Sarah Howard (nee Tackett) has dedicated her career to supporting the T1D community ever since she was diagnosed with T1D while in college in May 2013. Since then, she has worked for various diabetes organizations, focusing on research, advocacy, and community-building efforts for people with T1D and their loved ones. Sarah is currently the Senior Manager of Marketing at T1D Exchange.
This question is like a moving target. The true answer is, “It all depends.” I marked 85mg/dl. But, a lot depends on what I am doing at the time. Generally, I’m busy and will continue what I’m doing until there is time to take a snack. Often, I’m in the 70’s or below. However, If I am at 85, and know that my BG will continue to drop, I’ll take a small carb snack.
My endo medical staff told me when I got the cgm from Abbott, to watch the arrows on the reader. If I am home is different than being outside of my home. I treat if under 100 while driving or shopping.

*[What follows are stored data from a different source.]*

lemma flat_take_flat: "flat (take k (flat xs)) = flat (take k xs)"
proof -
  have "take k (flat xs) = map (\<lambda>x. card {y \<in> set xs. y \<le> x}) (take k xs)"
    by (simp add: flat_def take_map)
  moreover have "strict_mono_on (set (take k xs)) (\<lambda>x. card {y \<in> set xs. y \<le> x})"
    using strict_mono_on_rank by (rule monotone_on_subset) (rule set_take_subset)
  ultimately show ?thesis by (simp add: flat_map_strict_mono)
qed

lemma pref_pref: "k \<le> m \<Longrightarrow> pref k (pref m \<pi>) = pref k \<pi>"
  by (simp add: pref_def flat_take_flat min_def)

lemma flat_eq_self: assumes "set xs = {1..length xs}" shows "flat xs = xs"
proof -
  have "{y \<in> set xs. y \<le> x} = {1..x}" if "x \<in> set xs" for x
    using assms that by auto
  then show ?thesis unfolding flat_def by (simp add: map_idI)
qed

lemma flat_in_perms: assumes d: "distinct xs" shows "flat xs \<in> perms (length xs)"
proof -
  let ?f = "\<lambda>x. card {y \<in> set xs. y \<le> x}"
  have inj: "inj_on ?f (set xs)" using strict_mono_on_rank by (rule strict_mono_on_imp_inj_on)
  have "?f ` set xs \<subseteq> {1..length xs}"
  proof
    fix z assume "z \<in> ?f ` set xs"
    then obtain x where x: "x \<in> set xs" "z = ?f x" by auto
    have "{y \<in> set xs. y \<le> x} \<noteq> {}" using x by auto
    then have "1 \<le> z" using x by (simp add: Suc_leI card_gt_0_iff)
    moreover have "z \<le> card (set xs)" using x by (auto intro: card_mono)
    ultimately show "z \<in> {1..length xs}" using distinct_card[OF d] by simp
  qed
  moreover have "card (?f ` set xs) = length xs" using card_image[OF inj] distinct_card[OF d] by simp
  ultimately have "?f ` set xs = {1..length xs}" by (intro card_subset_eq) auto
  then show ?thesis unfolding perms_def flat_def using inj by (simp add: distinct_map d)
qed

lemma flat_nth_Max:
  assumes "i < length xs" "\<forall>y\<in>set xs. y \<le> xs ! i" "distinct xs"
  shows "flat xs ! i = length xs"
proof -
  have "{y \<in> set xs. y \<le> xs ! i} = set xs" using assms by auto
  then show ?thesis using assms distinct_card by (simp add: flat_def)
qed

As no-one, apparently, thought of including those of us who suffer with Hypoglycaemia Unawareness [Hypoglycemia Unawareness] I opted for 59 mg/dL or below (below 3.3 mmol/L) when the truth is I rarely feel hypoglycaemic [hypoglycemic] events occurring.
Usually, the first I know about it is after I’ve been given a glucagon injection and I’m ‘coming round’. (I have a sleep disorder, called narcolepsy, where the sufferer frequently drops asleep … sometimes multiple times a day … so I often don’t hear the alarm from my pump that my blood glucose level has reached a low point.)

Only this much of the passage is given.